[Task requirements]:
If a line in the records below holds the string "Context", count it; give only the total.

Dataset entries:
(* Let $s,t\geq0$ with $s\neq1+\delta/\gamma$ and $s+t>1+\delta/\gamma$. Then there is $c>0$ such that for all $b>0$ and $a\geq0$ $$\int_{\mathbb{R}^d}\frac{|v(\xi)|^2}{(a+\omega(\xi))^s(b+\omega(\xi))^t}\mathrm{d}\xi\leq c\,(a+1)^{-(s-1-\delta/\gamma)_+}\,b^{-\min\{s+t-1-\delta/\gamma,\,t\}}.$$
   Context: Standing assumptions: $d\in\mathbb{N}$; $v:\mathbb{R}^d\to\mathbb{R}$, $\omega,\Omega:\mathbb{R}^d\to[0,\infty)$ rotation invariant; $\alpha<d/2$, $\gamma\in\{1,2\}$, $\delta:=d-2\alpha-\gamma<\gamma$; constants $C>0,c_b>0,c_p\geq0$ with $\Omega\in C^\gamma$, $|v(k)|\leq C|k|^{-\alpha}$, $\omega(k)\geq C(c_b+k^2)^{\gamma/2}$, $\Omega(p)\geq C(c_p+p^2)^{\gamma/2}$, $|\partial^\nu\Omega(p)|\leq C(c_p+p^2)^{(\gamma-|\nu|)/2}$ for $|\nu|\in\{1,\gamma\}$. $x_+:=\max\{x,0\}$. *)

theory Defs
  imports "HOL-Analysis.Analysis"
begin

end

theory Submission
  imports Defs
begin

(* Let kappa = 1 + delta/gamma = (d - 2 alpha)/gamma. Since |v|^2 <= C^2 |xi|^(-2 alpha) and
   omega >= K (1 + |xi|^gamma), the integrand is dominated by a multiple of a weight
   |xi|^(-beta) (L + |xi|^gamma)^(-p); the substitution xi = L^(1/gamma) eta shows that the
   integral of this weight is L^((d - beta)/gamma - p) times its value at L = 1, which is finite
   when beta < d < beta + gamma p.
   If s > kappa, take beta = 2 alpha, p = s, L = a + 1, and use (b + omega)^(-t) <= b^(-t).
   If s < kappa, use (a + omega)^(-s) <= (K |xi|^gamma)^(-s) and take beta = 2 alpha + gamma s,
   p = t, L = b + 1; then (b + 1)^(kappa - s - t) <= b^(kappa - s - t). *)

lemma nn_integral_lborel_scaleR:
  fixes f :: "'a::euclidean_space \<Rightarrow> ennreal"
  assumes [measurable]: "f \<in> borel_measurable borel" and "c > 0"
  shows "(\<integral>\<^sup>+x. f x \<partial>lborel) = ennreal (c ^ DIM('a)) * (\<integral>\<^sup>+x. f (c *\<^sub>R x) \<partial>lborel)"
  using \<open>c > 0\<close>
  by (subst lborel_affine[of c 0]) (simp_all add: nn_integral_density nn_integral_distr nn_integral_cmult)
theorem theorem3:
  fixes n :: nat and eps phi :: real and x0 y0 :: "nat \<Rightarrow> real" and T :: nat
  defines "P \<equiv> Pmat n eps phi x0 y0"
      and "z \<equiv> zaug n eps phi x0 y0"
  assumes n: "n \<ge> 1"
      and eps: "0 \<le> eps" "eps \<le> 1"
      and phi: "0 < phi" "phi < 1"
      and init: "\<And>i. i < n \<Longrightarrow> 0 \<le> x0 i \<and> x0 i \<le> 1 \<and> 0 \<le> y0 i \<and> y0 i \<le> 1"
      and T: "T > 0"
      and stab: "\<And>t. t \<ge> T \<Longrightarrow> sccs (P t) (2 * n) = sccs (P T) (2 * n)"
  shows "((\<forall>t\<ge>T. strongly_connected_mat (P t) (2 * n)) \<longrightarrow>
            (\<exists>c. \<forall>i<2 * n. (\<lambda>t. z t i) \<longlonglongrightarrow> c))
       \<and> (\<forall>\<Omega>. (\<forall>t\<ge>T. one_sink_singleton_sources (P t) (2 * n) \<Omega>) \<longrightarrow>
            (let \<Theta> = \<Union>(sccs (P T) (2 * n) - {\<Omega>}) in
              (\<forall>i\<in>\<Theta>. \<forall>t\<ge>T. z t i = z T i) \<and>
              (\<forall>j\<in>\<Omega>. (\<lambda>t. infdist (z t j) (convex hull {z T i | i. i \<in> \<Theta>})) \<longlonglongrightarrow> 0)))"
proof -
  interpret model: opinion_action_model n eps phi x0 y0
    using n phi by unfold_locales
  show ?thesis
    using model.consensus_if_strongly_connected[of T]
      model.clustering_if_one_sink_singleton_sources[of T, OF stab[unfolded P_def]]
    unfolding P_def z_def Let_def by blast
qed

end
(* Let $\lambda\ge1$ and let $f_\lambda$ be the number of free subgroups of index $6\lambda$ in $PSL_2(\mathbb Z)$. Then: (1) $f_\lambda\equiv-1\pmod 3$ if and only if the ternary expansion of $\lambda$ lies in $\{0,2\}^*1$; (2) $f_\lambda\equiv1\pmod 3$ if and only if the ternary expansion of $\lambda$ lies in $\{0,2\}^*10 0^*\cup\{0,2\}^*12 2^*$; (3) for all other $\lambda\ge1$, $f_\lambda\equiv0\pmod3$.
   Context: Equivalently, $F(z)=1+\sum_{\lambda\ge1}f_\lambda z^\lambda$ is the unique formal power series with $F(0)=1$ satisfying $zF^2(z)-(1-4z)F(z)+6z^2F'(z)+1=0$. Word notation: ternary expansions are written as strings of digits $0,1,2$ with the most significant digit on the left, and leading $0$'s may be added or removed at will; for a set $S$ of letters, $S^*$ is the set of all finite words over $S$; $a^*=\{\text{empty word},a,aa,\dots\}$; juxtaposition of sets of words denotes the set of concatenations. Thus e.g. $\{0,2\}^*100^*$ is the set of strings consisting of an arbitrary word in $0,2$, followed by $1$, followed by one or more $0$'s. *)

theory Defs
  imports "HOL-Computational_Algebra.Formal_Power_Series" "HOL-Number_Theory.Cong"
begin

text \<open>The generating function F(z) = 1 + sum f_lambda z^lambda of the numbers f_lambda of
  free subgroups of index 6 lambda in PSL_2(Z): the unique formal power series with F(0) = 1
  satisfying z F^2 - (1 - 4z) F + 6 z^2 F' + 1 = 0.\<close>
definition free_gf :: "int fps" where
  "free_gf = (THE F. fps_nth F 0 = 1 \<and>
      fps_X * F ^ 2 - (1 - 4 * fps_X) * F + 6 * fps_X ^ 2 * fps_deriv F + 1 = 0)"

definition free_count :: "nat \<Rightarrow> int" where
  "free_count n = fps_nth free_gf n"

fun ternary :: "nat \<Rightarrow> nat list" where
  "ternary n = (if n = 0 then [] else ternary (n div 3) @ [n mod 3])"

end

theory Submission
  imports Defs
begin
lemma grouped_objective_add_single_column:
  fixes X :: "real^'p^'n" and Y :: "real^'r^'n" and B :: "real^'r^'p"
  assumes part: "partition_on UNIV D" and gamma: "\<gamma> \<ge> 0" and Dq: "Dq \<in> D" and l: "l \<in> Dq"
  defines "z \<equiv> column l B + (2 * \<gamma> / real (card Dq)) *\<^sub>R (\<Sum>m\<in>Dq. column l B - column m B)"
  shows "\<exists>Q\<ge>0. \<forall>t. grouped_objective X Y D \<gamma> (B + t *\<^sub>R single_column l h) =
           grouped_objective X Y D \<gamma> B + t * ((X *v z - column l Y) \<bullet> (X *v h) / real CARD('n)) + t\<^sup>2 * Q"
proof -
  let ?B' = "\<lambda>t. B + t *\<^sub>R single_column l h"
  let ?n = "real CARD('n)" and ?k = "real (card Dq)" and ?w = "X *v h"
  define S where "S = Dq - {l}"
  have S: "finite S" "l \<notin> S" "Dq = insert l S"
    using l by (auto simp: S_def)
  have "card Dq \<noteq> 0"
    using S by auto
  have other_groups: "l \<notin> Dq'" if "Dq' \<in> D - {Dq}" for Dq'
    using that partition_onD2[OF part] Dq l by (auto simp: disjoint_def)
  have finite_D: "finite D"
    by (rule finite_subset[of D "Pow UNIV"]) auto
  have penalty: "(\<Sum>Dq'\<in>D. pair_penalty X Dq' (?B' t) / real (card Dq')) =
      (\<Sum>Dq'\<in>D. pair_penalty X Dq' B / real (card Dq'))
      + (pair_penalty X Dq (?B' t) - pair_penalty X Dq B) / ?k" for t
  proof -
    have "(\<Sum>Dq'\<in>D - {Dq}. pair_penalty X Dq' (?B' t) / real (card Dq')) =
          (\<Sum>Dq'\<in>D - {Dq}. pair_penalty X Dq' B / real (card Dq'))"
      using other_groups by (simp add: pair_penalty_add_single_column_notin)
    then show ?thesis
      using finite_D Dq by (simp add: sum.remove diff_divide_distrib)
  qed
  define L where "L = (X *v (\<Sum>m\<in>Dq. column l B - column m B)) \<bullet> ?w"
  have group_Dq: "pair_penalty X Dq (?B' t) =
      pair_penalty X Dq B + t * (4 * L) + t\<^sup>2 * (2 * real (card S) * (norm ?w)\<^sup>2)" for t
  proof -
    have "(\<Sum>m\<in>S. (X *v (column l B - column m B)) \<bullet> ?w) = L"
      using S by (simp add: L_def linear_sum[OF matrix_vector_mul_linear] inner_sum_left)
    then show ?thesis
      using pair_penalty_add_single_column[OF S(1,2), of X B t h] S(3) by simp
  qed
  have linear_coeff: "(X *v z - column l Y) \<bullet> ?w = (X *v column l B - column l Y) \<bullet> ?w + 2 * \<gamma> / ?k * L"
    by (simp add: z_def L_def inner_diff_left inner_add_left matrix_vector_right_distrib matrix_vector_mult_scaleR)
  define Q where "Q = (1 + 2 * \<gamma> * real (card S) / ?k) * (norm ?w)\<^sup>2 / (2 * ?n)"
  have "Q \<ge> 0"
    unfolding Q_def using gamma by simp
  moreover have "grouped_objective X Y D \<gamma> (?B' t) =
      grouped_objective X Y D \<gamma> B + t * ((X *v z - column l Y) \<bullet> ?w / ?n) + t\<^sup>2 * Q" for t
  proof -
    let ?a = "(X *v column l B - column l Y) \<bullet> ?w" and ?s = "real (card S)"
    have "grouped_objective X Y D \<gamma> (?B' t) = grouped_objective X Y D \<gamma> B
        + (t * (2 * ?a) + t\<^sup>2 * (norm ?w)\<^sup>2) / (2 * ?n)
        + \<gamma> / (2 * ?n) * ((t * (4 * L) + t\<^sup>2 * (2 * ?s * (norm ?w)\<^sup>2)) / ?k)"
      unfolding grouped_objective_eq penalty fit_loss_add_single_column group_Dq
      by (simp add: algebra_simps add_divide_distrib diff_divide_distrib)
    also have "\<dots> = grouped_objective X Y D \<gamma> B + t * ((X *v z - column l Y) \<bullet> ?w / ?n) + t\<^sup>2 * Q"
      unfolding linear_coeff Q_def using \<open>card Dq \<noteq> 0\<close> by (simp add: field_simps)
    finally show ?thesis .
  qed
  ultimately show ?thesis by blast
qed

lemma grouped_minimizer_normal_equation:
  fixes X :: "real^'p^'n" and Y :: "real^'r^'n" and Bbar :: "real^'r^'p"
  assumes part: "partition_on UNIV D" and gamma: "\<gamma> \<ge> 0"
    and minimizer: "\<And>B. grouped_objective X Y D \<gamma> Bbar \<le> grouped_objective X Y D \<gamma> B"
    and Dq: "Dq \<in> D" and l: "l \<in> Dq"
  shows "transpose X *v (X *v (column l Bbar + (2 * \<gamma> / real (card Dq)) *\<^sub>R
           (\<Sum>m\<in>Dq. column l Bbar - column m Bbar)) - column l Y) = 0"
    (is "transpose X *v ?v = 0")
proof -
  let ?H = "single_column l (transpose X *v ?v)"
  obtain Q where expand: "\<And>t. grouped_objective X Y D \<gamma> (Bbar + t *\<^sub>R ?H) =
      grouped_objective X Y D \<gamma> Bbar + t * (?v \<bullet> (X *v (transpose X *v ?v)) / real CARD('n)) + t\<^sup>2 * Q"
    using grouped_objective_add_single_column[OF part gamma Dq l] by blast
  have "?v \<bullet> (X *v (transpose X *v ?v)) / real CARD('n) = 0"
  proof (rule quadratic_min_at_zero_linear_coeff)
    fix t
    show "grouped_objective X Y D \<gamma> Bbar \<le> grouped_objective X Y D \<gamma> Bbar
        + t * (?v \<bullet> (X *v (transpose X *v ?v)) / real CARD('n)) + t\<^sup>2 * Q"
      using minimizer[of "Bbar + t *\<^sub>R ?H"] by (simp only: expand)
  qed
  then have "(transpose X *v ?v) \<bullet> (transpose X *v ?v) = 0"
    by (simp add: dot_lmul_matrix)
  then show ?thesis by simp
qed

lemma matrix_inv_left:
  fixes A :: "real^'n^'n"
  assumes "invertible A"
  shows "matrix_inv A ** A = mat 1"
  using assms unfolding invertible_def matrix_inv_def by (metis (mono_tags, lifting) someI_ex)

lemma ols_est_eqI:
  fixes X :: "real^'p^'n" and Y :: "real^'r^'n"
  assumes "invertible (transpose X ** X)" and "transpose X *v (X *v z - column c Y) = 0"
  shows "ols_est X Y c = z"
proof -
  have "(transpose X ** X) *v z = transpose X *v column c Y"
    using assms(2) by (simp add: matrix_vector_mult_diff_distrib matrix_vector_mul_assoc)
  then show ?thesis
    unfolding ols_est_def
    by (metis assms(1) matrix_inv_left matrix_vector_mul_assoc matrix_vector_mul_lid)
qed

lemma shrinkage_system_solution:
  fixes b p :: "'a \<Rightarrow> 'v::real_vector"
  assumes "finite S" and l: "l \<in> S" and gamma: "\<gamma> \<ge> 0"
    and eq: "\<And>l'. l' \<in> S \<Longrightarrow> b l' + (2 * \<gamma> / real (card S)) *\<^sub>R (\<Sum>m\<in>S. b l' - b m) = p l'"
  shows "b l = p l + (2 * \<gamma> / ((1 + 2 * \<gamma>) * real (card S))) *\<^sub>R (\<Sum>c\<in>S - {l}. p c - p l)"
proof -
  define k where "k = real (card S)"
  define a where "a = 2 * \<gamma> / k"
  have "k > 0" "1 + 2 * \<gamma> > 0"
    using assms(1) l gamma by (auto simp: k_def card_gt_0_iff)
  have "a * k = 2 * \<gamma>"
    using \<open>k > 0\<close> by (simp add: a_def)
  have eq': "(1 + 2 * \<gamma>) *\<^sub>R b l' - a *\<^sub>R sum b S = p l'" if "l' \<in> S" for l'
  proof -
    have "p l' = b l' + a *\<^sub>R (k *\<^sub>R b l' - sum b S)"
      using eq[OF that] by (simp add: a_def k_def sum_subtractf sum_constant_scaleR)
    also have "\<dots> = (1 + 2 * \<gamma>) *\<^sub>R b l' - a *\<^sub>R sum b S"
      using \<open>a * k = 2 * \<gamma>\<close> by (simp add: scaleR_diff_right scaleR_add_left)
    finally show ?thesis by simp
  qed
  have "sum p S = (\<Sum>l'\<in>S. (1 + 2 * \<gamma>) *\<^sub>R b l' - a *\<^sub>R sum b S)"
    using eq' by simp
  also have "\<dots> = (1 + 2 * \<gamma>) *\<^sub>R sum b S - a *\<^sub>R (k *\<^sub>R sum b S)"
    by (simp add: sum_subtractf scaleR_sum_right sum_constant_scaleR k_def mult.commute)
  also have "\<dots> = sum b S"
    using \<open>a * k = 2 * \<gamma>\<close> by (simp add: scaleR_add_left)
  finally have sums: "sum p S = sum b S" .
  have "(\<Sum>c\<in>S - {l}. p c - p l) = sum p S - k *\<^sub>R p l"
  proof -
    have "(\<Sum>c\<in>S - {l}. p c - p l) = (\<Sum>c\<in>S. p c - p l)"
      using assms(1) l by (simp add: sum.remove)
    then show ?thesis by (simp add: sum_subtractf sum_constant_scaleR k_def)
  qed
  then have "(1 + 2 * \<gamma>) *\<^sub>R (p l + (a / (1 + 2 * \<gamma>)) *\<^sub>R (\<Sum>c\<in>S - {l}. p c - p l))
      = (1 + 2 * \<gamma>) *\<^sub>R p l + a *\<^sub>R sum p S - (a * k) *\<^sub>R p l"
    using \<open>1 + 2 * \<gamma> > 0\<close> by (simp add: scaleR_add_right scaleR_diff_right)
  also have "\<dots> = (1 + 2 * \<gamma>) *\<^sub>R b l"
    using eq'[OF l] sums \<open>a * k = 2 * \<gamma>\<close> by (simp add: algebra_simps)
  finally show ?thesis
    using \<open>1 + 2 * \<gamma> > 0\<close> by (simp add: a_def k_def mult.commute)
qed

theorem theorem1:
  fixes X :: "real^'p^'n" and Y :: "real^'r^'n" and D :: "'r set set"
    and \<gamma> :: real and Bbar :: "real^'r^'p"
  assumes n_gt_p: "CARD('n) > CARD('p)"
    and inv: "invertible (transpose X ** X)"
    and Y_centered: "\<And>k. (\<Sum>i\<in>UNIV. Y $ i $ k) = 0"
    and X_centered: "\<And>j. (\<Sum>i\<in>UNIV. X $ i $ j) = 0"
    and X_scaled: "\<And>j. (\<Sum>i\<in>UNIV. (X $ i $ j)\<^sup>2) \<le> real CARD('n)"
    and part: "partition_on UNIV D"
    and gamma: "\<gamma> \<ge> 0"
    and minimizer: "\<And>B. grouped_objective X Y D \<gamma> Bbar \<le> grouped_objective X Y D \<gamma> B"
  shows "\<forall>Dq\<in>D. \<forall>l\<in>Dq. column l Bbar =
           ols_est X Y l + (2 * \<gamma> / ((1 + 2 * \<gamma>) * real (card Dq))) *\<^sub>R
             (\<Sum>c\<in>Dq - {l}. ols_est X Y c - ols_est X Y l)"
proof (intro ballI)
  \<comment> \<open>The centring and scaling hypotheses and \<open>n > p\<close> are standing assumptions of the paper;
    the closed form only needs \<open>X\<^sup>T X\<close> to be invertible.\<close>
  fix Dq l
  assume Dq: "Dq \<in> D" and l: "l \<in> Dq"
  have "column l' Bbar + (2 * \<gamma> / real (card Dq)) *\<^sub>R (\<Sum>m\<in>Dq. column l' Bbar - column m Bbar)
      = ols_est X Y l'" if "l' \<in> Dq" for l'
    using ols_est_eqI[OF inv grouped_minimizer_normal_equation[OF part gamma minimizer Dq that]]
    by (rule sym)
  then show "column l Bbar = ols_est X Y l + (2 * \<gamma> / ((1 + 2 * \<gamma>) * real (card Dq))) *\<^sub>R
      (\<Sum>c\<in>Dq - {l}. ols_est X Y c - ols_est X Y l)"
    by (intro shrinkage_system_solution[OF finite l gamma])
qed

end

[Task answer]:
2